Traditional square dance is a generic American term for any style of American square dance other than modern Western. The term can mean (1) any of the American regional styles (broadly, Northeastern, Southeastern, and Western) that existed before around 1950, when modern Western style began to develop out of a blend of those regional styles, or (2) any style (other than modern Western) that has survived, or been revived, since around 1950. The term Traditional Square Dance is also used in England to refer to dances collected from villages in the first half of the 20th century.
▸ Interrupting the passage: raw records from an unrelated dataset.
lemma fconj_segment_le:
  assumes "fconj \<phi> y1 = ereal a1" "fconj \<phi> y2 = ereal a2" "0 \<le> t" "t \<le> 1"
  shows "fconj \<phi> ((1 - t) *\<^sub>R y1 + t *\<^sub>R y2) \<le> ereal ((1 - t) * a1 + t * a2)"
  unfolding fconj_def
proof (rule SUP_least)
  fix x
  have "ereal (inner x y1) - \<phi> x \<le> ereal a1" "ereal (inner x y2) - \<phi> x \<le> ereal a2"
    using assms(1,2) unfolding fconj_def by (metis SUP_upper UNIV_I)+
  then show "ereal (inner x ((1 - t) *\<^sub>R y1 + t *\<^sub>R y2)) - \<phi> x \<le> ereal ((1 - t) * a1 + t * a2)"
  proof (cases "\<phi> x")
    case (real r)
    assume "ereal (inner x y1) - \<phi> x \<le> ereal a1" "ereal (inner x y2) - \<phi> x \<le> ereal a2"
    with real have "(1 - t) * (inner x y1 - r) + t * (inner x y2 - r) \<le> (1 - t) * a1 + t * a2"
      using assms(3,4) by (intro add_mono mult_left_mono) auto
    with real show ?thesis by (simp add: algebra_simps)
  qed simp_all
qed

lemma csubdiff_ind_iff:
  assumes "x \<in> S"
  shows "v \<in> csubdiff (ind S) x \<longleftrightarrow> (\<forall>y\<in>S. inner v (y - x) \<le> 0)"
  using assms unfolding csubdiff_def ind_def
  by (auto simp: zero_ereal_def)

lemma csubdiff_ind_scaleR_iff:
  assumes "x \<in> S" "r > 0"
  shows "r *\<^sub>R v \<in> csubdiff (ind S) x \<longleftrightarrow> v \<in> csubdiff (ind S) x"
  using assms by (simp add: csubdiff_ind_iff mult_le_0_iff)

lemma csubdiff_ind_translate_iff:
  assumes "x \<in> S" "r > 0"
  shows "(\<exists>w\<in>csubdiff (ind S) x. a = b + r *\<^sub>R w) \<longleftrightarrow> a - b \<in> csubdiff (ind S) x"
proof
  assume "\<exists>w\<in>csubdiff (ind S) x. a = b + r *\<^sub>R w"
  then obtain w where "w \<in> csubdiff (ind S) x" "a - b = r *\<^sub>R w" by force
  then show "a - b \<in> csubdiff (ind S) x" using csubdiff_ind_scaleR_iff[OF assms] by simp
next
  assume "a - b \<in> csubdiff (ind S) x"
  then have "(1 / r) *\<^sub>R (a - b) \<in> csubdiff (ind S) x"
    using csubdiff_ind_scaleR_iff[OF \<open>x \<in> S\<close>, of "1 / r"] \<open>r > 0\<close> by simp
  moreover have "a = b + r *\<^sub>R ((1 / r) *\<^sub>R (a - b))" using \<open>r > 0\<close> by simp
  ultimately show "\<exists>w\<in>csubdiff (ind S) x. a = b + r *\<^sub>R w" by blast
qed

lemma fconj_eventually_segment_le:
  assumes F: "\<forall>\<^sub>F y in nhds yh. fconj f y = ereal (F y)" and "fconj f y = ereal Fy"
  shows "\<forall>\<^sub>F t in at_right 0. F (yh + t *\<^sub>R (y - yh)) - F yh \<le> t * (Fy - F yh)"
proof -
  have "((\<lambda>t. yh + t *\<^sub>R (y - yh)) \<longlongrightarrow> yh) (at_right 0)" by (auto intro!: tendsto_eq_intros)
  from eventually_compose_filterlim[OF F this] eventually_at_right_real[OF zero_less_one]
  show ?thesis
  proof eventually_elim
    case (elim t)
    have "fconj f yh = ereal (F yh)" using eventually_nhds_x_imp_x[OF F] .
    from fconj_segment_le[OF this \<open>fconj f y = ereal Fy\<close>, of t] elim
    have "fconj f ((1 - t) *\<^sub>R yh + t *\<^sub>R y) \<le> ereal ((1 - t) * F yh + t * Fy)" by simp
    moreover have "(1 - t) *\<^sub>R yh + t *\<^sub>R y = yh + t *\<^sub>R (y - yh)" by (simp add: algebra_simps)
    ultimately show ?case using elim by (simp add: algebra_simps)
  qed
qed

lemma frechet_subgradient_on_ind_fconj_D_normal:
  fixes S :: "'a::real_inner set" and zh :: "'b::real_inner"
  assumes S: "convex S" "xh \<in> S"
    and H: "frechet_subgradient_on (S \<times> UNIV) (\<lambda>(x, y, z, u). c * F y) (xh, yh, zh, uh) (a, b, cz, cu)"
  shows "a \<in> csubdiff (ind S) xh" "cz = 0" "cu = 0"
proof -
  note ray = frechet_subgradient_on_directional[OF H]
  have "inner cz cz \<le> 0" using ray[of "(0, 0, cz, 0)" 0] by (simp add: S(2))
  then show "cz = 0" by (metis antisym inner_ge_zero inner_eq_zero_iff)
  have "inner cu cu \<le> 0" using ray[of "(0, 0, 0, cu)" 0] by (simp add: S(2))
  then show "cu = 0" by (metis antisym inner_ge_zero inner_eq_zero_iff)
  have "inner a (y - xh) \<le> 0" if "y \<in> S" for y
  proof (rule ray[of "(y - xh, 0, 0, 0)" 0, simplified])
    show "\<forall>\<^sub>F t in at_right 0. xh + t *\<^sub>R (y - xh) \<in> S"
      using eventually_at_right_real[OF zero_less_one]
    proof eventually_elim
      case (elim t)
      have "(1 - t) *\<^sub>R xh + t *\<^sub>R y \<in> S" using elim S that by (intro convexD) auto
      then show ?case by (simp add: algebra_simps)
    qed
  qed
  then show "a \<in> csubdiff (ind S) xh" using csubdiff_ind_iff[OF S(2)] by blast
qed

lemma frechet_subgradient_on_ind_fconj_D_conj:
  fixes S :: "'a::real_inner set" and f :: "'c::real_inner \<Rightarrow> ereal" and zh :: "'b::real_inner"
  assumes "xh \<in> S" "c > 0" "proper_fun f"
    and F: "\<forall>\<^sub>F y in nhds yh. fconj f y = ereal (F y)"
    and H: "frechet_subgradient_on (S \<times> UNIV) (\<lambda>(x, y, z, u). c * F y) (xh, yh, zh, uh) (a, b, cz, cu)"
  shows "(1 / c) *\<^sub>R b \<in> csubdiff (fconj f) yh"
  unfolding csubdiff_def
proof (intro CollectI conjI allI)
  have Fyh: "fconj f yh = ereal (F yh)" using eventually_nhds_x_imp_x[OF F] .
  then show "\<bar>fconj f yh\<bar> \<noteq> \<infinity>" by simp
  fix y
  show "fconj f yh + ereal (inner ((1 / c) *\<^sub>R b) (y - yh)) \<le> fconj f y"
  proof (cases "fconj f y")
    case (real Fy)
    from fconj_eventually_segment_le[OF F real]
    have "\<forall>\<^sub>F t in at_right 0. c * F (yh + t *\<^sub>R (y - yh)) - c * F yh \<le> t * (c * (Fy - F yh))"
    proof eventually_elim
      case (elim t)
      then have "c * (F (yh + t *\<^sub>R (y - yh)) - F yh) \<le> c * (t * (Fy - F yh))"
        using \<open>c > 0\<close> by (intro mult_left_mono) auto
      then show ?case by (simp add: algebra_simps)
    qed
    then have "inner b (y - yh) \<le> c * (Fy - F yh)"
      using frechet_subgradient_on_directional[OF H, of "(0, y - yh, 0, 0)" "c * (Fy - F yh)"]
        \<open>xh \<in> S\<close>
      by simp
    then show ?thesis using real Fyh \<open>c > 0\<close> by (simp add: field_simps)
  qed (use fconj_neq_minf[OF \<open>proper_fun f\<close>] in auto)
qed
A traditional square dance in Concord, Massachusetts

Traditional square dance can be distinguished from modern western square dance by the following characteristics:
1. A limited number of basic movements, or “calls,” enabling the average dancer to join the group by assimilation rather than by taking a series of lessons.
2. Dance figures (sequences of basic movements) that are called in a set order and repeated, rather than improvised by the caller. (In Southeastern style the caller chooses figures from a repertoire of a dozen or two and can call them in any order, but the order of movements within each figure does not change.)
3. The use of live music as the norm.

In addition, because there is no governing body to set standards for traditional square dancing, each caller decides which basic movements and dance figures he or she will use. There are regional variations in how dancers execute the basic movements, usually having to do with hand or arm position. The same dance figure may have different names in different regions; the same name may refer to different dance figures, or even (in the case of "do-si-do") different basic movements. This lack of standardization does not present a problem to the dancers, because at least one of two conditions is always true: either the caller walks the dancers through the figures before calling them to music, or the event is attended almost entirely by local people familiar with that caller's repertoire.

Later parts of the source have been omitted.